» **EXERCISE INSTRUCTIONS**
The answer must be every line from the entries below that contains "nonpos".

» **MATERIAL FOR THIS TASK**
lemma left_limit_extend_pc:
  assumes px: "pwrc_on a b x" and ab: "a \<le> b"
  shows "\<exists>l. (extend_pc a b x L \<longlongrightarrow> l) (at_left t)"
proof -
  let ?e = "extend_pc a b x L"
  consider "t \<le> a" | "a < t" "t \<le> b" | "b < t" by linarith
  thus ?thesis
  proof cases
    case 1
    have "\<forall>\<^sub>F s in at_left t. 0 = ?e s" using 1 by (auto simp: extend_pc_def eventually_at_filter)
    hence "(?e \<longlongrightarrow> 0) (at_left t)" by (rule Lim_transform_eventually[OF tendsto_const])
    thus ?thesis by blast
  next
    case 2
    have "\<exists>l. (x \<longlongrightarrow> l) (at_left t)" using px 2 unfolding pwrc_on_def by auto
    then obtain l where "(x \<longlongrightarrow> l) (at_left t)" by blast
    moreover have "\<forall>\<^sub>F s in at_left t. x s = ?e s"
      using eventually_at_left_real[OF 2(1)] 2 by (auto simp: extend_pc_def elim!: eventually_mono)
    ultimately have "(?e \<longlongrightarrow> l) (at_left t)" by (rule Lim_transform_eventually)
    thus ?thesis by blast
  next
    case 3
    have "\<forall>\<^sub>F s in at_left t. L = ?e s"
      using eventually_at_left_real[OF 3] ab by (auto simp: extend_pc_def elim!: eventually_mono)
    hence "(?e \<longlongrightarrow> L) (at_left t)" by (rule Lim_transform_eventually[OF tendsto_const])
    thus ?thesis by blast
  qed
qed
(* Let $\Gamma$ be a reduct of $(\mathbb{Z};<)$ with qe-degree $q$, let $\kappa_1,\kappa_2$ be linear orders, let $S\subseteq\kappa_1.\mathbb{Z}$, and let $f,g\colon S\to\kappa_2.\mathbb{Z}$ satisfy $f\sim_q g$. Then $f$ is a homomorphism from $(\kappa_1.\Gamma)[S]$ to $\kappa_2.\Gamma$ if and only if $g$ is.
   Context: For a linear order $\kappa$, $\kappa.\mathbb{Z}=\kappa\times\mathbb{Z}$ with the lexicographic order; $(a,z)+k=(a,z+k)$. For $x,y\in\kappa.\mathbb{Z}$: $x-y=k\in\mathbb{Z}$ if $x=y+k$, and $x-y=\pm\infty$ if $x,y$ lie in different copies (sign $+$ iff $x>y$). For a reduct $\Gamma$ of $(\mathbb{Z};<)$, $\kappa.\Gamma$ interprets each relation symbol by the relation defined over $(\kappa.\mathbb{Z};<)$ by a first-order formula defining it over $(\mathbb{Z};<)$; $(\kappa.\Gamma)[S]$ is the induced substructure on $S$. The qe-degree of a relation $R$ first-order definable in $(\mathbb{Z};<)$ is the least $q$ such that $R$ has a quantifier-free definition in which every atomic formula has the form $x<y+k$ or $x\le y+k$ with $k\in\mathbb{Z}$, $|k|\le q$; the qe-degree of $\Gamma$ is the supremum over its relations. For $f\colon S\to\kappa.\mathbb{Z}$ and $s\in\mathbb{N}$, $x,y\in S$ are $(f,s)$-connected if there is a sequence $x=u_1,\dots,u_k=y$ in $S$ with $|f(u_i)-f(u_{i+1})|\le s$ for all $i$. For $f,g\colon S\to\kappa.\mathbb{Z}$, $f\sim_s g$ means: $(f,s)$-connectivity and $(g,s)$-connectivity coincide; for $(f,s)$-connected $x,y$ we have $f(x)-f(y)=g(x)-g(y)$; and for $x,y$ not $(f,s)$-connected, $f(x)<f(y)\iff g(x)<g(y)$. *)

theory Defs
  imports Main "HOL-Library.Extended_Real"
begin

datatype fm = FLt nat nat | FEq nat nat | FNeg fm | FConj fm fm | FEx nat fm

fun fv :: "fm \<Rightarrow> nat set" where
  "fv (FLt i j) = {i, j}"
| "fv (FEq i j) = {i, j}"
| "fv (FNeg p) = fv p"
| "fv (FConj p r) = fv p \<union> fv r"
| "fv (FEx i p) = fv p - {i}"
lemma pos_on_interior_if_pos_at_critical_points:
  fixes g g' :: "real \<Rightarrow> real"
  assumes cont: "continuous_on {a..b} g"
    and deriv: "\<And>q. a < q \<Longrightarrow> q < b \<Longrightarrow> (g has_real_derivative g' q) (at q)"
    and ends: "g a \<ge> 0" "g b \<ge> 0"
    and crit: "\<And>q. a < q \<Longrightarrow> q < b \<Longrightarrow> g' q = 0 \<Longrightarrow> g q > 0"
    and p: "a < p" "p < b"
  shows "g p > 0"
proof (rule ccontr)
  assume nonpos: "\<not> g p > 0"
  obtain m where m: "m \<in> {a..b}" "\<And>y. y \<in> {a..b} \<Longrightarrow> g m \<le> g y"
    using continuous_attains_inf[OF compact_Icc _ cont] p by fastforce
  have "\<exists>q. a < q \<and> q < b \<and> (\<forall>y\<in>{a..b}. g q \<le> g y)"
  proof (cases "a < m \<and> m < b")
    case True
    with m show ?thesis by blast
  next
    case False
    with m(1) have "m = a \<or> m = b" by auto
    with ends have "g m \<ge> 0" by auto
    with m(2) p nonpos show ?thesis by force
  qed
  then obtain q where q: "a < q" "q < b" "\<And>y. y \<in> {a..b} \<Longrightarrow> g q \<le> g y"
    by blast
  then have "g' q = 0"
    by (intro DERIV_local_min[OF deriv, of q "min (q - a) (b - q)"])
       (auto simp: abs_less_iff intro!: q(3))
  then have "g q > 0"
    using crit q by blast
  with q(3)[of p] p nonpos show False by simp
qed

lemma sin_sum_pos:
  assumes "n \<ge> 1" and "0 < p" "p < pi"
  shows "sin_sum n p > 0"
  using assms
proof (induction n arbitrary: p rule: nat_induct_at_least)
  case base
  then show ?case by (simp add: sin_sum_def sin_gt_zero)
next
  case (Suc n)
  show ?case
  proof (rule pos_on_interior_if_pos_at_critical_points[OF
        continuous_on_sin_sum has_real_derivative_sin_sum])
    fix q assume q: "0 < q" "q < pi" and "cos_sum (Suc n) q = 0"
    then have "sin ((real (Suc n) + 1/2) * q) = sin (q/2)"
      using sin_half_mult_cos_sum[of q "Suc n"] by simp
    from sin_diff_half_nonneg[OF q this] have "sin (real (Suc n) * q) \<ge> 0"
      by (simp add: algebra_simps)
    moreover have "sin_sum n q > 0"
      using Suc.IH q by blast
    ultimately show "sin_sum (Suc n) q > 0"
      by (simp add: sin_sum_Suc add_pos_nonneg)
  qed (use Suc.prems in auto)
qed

--

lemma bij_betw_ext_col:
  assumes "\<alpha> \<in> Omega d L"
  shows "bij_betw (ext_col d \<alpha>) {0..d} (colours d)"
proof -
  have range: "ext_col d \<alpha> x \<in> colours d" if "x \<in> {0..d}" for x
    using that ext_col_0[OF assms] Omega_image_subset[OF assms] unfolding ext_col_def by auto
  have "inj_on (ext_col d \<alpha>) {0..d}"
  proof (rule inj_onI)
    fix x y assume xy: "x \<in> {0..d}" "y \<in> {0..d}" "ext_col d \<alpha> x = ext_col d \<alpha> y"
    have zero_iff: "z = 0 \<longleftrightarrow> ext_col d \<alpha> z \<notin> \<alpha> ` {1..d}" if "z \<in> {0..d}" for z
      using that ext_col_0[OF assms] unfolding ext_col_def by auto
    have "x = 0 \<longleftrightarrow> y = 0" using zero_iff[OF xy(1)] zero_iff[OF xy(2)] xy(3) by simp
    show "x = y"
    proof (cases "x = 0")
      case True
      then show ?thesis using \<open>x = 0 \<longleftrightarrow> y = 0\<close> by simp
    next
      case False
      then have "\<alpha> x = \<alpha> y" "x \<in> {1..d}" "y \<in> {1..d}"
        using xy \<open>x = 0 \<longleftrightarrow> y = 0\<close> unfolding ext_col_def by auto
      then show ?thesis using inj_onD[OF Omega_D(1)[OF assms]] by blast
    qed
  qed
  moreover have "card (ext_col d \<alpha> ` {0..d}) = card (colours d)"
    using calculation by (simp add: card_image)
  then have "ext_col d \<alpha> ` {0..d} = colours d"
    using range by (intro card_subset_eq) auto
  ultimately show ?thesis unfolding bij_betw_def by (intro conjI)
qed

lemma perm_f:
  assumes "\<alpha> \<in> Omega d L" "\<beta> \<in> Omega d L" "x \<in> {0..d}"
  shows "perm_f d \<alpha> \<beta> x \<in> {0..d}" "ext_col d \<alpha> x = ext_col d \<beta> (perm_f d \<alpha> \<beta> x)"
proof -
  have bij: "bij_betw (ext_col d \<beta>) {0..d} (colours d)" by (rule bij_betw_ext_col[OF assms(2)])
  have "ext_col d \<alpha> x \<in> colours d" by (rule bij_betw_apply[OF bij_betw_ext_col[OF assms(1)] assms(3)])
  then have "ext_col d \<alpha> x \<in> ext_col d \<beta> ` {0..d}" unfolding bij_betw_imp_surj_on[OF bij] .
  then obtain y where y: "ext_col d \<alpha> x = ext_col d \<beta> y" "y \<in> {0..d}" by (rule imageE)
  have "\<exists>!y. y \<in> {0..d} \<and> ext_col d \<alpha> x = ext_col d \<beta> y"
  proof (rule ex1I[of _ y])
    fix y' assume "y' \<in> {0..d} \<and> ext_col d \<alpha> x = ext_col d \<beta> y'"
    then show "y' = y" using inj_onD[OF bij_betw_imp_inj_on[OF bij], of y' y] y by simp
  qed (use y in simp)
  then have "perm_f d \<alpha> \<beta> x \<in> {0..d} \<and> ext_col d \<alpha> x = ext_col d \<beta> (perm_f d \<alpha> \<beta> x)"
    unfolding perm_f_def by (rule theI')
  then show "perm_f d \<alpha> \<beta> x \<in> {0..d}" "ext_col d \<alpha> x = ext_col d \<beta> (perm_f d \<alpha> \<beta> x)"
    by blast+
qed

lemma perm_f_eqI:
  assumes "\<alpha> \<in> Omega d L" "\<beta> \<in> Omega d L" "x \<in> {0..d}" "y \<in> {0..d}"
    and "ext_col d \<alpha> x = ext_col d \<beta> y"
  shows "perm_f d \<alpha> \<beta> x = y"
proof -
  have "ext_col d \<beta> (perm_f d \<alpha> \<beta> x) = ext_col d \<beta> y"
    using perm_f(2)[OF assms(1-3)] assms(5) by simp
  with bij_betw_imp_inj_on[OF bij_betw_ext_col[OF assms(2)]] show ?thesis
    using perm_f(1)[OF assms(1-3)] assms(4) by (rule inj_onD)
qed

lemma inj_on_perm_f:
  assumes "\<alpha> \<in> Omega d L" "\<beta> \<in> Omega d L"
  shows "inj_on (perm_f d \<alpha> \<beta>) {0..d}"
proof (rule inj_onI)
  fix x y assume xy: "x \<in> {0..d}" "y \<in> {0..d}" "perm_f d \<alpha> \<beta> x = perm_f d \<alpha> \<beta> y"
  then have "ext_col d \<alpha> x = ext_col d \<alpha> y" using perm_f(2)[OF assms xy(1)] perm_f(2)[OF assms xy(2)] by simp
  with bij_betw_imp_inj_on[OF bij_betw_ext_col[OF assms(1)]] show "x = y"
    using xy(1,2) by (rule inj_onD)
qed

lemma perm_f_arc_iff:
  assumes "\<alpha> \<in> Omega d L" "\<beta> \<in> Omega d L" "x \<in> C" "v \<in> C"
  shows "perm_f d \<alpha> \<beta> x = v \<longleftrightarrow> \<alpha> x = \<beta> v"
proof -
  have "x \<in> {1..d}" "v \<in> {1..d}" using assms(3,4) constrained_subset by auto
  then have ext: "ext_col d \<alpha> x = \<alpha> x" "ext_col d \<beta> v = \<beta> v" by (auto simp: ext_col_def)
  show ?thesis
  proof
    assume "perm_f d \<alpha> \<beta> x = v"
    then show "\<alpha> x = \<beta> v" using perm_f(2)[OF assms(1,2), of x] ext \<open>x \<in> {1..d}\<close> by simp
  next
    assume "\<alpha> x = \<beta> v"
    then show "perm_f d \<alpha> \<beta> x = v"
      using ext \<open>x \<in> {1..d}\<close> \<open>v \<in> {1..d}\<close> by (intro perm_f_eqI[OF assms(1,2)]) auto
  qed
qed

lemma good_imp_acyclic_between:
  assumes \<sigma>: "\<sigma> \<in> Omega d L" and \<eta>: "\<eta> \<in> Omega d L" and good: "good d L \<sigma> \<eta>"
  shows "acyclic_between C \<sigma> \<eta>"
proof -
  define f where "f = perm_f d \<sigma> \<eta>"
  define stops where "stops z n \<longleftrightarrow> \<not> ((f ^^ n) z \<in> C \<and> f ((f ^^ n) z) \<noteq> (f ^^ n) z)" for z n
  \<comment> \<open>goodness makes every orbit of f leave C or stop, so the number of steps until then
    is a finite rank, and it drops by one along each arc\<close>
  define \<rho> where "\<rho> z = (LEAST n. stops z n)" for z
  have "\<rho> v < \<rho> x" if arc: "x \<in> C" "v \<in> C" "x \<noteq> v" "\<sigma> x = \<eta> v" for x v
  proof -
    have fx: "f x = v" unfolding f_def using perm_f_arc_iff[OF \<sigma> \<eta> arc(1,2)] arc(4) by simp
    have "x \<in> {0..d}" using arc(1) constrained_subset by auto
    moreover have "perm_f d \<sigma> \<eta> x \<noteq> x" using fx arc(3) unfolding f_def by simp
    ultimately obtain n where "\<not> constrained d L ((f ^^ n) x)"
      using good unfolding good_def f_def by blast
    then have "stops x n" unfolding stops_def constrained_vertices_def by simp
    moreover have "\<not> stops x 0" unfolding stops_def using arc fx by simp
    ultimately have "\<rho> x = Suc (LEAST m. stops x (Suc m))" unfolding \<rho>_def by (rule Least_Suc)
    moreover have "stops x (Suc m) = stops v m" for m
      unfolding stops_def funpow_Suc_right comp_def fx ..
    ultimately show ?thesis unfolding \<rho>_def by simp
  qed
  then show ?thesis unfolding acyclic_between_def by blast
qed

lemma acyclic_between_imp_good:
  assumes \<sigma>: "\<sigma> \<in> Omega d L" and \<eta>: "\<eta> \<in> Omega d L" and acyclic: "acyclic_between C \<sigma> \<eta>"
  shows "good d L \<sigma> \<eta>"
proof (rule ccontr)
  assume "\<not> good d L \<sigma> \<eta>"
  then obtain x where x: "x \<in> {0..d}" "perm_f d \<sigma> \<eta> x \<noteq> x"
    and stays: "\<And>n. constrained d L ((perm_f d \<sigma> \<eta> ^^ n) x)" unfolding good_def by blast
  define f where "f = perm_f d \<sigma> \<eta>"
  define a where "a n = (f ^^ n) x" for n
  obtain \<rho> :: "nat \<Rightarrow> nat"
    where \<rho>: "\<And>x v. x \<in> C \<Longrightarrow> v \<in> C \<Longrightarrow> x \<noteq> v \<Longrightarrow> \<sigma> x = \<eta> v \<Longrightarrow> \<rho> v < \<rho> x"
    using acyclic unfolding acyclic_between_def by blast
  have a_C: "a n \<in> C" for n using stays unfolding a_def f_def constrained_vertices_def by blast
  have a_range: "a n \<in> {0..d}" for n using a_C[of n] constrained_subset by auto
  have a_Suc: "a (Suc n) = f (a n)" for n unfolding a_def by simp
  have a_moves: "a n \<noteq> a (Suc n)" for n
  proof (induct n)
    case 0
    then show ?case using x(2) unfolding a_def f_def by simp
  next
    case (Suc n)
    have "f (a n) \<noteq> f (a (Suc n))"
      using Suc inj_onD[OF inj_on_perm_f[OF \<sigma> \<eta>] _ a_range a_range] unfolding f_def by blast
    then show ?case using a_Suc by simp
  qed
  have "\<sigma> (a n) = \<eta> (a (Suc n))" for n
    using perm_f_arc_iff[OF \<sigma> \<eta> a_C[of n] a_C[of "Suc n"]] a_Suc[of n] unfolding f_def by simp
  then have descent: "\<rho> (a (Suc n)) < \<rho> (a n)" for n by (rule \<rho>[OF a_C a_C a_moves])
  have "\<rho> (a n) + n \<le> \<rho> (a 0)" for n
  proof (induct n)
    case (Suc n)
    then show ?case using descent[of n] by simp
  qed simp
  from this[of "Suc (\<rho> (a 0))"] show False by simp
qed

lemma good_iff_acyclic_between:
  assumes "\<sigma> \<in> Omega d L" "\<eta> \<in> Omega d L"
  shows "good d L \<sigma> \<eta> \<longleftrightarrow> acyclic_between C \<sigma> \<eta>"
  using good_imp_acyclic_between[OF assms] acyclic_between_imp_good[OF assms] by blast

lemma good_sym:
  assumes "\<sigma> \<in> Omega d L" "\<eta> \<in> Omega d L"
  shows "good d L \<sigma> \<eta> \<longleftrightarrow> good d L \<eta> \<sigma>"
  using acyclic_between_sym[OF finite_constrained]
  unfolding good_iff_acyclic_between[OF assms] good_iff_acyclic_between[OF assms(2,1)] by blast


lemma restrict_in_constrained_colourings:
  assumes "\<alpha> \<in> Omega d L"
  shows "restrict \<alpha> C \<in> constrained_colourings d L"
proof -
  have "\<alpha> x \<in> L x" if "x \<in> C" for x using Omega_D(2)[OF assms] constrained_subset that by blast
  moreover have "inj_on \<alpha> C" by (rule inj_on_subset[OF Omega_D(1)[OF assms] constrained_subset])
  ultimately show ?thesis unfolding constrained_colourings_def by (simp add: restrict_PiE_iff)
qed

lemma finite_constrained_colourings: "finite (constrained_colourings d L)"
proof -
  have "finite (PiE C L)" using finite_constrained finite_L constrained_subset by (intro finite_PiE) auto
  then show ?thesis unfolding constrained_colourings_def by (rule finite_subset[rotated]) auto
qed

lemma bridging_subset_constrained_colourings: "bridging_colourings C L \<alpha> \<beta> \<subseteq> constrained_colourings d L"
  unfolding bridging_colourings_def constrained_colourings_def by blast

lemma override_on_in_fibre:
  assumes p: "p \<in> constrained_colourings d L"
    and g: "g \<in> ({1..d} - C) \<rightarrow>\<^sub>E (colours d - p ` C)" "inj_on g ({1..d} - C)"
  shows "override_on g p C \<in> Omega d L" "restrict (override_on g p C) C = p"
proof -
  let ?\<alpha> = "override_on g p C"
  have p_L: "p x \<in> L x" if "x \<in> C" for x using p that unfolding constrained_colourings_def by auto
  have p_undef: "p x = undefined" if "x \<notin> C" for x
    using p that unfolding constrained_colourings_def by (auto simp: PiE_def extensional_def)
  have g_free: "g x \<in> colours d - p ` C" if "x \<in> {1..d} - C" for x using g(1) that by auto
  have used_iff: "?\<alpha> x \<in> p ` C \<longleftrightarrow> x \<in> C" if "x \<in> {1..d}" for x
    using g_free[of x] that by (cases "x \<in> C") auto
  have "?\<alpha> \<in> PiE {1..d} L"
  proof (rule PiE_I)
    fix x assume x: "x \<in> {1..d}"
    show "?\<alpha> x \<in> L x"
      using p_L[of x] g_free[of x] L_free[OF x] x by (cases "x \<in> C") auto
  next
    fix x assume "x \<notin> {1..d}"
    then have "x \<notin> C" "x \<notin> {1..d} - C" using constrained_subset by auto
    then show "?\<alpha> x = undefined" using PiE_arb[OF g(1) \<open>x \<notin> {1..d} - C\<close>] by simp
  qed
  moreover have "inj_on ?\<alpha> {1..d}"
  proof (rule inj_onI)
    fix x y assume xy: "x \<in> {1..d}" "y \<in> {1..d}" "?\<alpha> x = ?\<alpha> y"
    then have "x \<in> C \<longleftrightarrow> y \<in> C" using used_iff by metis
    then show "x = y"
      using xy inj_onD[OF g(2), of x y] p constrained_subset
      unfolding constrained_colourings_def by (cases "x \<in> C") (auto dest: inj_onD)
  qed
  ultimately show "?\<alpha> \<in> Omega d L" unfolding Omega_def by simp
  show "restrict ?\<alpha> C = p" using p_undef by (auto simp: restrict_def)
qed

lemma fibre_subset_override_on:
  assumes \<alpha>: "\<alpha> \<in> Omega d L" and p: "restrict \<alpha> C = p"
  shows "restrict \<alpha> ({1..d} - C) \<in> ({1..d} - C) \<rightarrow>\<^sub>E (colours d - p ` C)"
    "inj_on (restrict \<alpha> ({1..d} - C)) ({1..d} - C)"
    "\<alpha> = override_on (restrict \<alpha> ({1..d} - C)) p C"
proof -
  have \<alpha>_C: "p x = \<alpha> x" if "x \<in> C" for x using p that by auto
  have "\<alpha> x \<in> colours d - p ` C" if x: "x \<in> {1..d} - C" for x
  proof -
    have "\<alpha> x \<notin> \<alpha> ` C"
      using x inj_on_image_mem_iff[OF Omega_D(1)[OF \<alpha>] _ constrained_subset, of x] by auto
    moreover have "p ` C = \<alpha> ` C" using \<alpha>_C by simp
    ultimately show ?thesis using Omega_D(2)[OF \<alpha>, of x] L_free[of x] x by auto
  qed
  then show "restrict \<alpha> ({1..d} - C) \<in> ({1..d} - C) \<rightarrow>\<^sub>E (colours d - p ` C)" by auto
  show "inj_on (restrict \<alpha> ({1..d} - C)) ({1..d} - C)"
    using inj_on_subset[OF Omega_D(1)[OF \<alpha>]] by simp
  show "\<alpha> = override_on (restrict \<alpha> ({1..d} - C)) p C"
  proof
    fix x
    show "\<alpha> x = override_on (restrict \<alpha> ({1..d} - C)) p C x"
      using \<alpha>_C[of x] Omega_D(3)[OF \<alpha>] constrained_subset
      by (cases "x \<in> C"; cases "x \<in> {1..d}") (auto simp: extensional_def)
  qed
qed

...

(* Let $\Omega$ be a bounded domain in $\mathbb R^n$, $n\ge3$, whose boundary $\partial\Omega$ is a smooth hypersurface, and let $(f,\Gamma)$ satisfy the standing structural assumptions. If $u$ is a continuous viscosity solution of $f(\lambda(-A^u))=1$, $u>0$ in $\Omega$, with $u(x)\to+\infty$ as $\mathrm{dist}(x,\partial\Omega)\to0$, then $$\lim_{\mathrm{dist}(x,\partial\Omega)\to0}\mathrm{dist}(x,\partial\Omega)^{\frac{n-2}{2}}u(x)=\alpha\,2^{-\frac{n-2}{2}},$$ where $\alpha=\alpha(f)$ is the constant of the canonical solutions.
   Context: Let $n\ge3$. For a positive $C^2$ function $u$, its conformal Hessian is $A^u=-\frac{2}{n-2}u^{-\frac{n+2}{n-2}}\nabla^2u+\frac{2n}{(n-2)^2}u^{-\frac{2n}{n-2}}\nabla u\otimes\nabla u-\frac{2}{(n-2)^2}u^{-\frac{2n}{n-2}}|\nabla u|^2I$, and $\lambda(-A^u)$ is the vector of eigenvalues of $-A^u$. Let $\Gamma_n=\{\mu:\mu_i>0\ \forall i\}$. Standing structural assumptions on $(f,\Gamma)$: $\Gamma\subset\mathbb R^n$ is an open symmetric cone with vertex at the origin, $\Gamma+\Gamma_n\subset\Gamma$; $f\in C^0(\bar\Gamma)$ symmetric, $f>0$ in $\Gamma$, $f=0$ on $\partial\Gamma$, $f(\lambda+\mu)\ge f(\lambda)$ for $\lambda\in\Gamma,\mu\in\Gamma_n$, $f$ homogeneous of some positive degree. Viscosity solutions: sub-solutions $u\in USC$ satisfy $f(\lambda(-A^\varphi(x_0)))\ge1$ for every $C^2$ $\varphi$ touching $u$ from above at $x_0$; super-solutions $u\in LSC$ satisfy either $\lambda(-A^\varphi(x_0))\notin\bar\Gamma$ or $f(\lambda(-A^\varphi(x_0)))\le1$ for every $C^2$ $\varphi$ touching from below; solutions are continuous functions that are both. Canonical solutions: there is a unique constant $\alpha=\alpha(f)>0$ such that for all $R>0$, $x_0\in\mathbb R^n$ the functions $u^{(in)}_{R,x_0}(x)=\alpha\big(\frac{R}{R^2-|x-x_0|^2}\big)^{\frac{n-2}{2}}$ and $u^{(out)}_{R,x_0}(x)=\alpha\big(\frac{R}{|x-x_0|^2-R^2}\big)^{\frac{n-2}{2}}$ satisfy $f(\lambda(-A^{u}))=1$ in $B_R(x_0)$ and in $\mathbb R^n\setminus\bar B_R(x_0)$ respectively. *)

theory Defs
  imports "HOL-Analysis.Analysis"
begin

» **ANSWER TO THE EXERCISE**
  assume nonpos: "\<not> g p > 0"
    with m(2) p nonpos show ?thesis by force
  with q(3)[of p] p nonpos show False by simp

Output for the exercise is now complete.